US STOCKS-Wall St set for strong open after tax cut deal

Tue Dec 7, 2010 8:49am EST

 * Deal to extend tax cuts boosts futures
 * Oil futures rise to 2-year high, Chevron gains
 * Ireland expected to pass austerity budget
 * Futures up: S&P 11.9 pts, Dow 82 pts, Nasdaq 23.75 pts
 * For up-to-the-minute market news see [STXNEWS/US]
  (Recasts, adds details)
 By Leah Schnurr
 NEW YORK, Dec 7 (Reuters) - Wall Street was set to rise
strongly on Tuesday as investors bet that a deal to extend tax
breaks will prompt increased spending and buoy the economy.
 U.S. President Barack Obama announced the deal to renew
Bush-era tax cuts for wealthier Americans -- as Republicans had
wanted -- as well as the middle class. The deal was expected to
extend breaks on dividends and capital gains. For details, see
 Investors have said the tax cuts were necessary to keep the
fragile economic recovery on track as the cuts could lead to
more spending and investing. Keeping the capital gains tax
steady could make investors less inclined to sell shares. The
Financial Select Sector SPDR exchange-traded fund (XLF.P) rose
1.1 percent.
 "From a psychological standpoint, this probably will
continue to boost the markets in the sense that this most
likely will lead to an expansion in economic activity," said
Peter Cardillo, chief market economist at Avalon Partners in
New York.
 "People are going to be feeling a little bit better, and
that means they'll be maybe even spending a little bit more."
 S&P 500 futures SPc1 rose 11.9 points and were above fair
value, a formula that evaluates pricing by taking into account
interest rates, dividends and time to expiration on the
contract. Dow Jones industrial average futures DJc1 gained 82
points, and Nasdaq 100 futures NDc1 added 23.75 points.

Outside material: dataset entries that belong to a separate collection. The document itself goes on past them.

theorem cyclically_monotone_I1_A2: "cyclically_monotone \<tau>' \<tau> I1 A2"
  unfolding cyclically_monotone_def
proof (intro allI impI, elim conjE)
  fix n :: nat and a b :: "nat \<Rightarrow> 'a"
  assume n: "1 \<le> n" and a: "\<forall>k\<in>{1..n}. a k \<in> I1" and b: "\<forall>k\<in>{0..n}. b k \<in> A2"
  define T where "T = map (\<lambda>k. (b k, a (Suc k))) [1..<n]"
  have "set T \<subseteq> A2 \<times> I1" "a 1 \<in> I1" "b 0 \<in> A2" "b n \<in> A2"
    using a b n by (auto simp: T_def)
  then have "\<tau>' (b 0 * a 1 * lprod (map (\<lambda>(b, a). b * a) T) * b n) =
      (\<Prod>(b, a)\<leftarrow>T. \<tau> b) * \<tau>' (a 1 * lprod (map snd T)) * \<tau> (b 0 * b n)"
    using tau'_sandwich_tail[of "[a 1]" "b 0" "b n" T] by simp
  moreover have "b 0 * a 1 * lprod (map (\<lambda>(b, a). b * a) T) * b n =
      b 0 * lprod (map (\<lambda>k. a k * b k) [1..<Suc n])"
    using lprod_regroup[OF n, of a b] by (simp add: T_def mult.assoc o_def)
  moreover have "a 1 * lprod (map snd T) = lprod (map a [1..<Suc n])"
    using lprod_regroup[OF n, of a "\<lambda>_. 1"] by (simp add: T_def o_def)
  moreover have "(\<Prod>(b, a)\<leftarrow>T. \<tau> b) = (\<Prod>k\<in>{1..<n}. \<tau> (b k))"
    using prod.distinct_set_conv_list[of "[1..<n]" "\<lambda>k. \<tau> (b k)"] by (simp add: T_def o_def)
  ultimately show "\<tau>' (b 0 * lprod (map (\<lambda>k. a k * b k) [1..<Suc n])) =
      \<tau>' (lprod (map a [1..<Suc n])) * (\<Prod>k\<in>{1..<n}. \<tau> (b k)) * \<tau> (b 0 * b n)"
    by (simp add: ac_simps)
qed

 Commodities were up, with oil futures CLc1 climbing above
$90 a barrel for the first time in 26 months. Chevron Corp
(CVX.N) was up 1.1 percent at $85.85 before the opening bell.
 Futures shrugged off disappointment there was no further
action out of the euro zone to deal with its debt crisis. After
a five-hour meeting Monday, ministers said they would not
introduce any measures to tackle the threat of contagion.
 But in a positive sign, Ireland was expected to pass a
record austerity budget through parliament, averting the risk
of a snap election that could have plunged the country into a
deeper crisis. [ID:nLDE6B60DA]
 China is likely to raise interest rates in the coming days
in a demonstration of the government's resolve to tame
inflation, an official newspaper reported. [ID:nTOE6B602F]
 Investors are looking to China to help drive global
economic growth, and moves to rein in its economy have been
negative for the market. However, Cardillo said the worries
have already been priced in and shouldn't derail the rally.
 The U.S. government sold its remaining shares in Citigroup
Inc (C.N) for $4.35 apiece, marking an exit from ownership in
the bailed-out bank, with a $12 billion gross profit for
taxpayers. Its shares rose 2.9 percent to $4.58 after earlier
trading lower. [ID:nN06234751]
 Talbots Inc TLB.N sank nearly 24 percent to $8.68 in
early electronic trading after the retailer cut its full-year
forecast. [ID:nN07265459]
 Stocks ended flat Monday as worries about Europe's
situation frustrated investors. Analysts still see the S&P 500
breaking out of its recent range soon and surpassing an
intraday high for the year just above 1,227 reached on Nov. 5.
The S&P closed at 1,223.12 on Monday.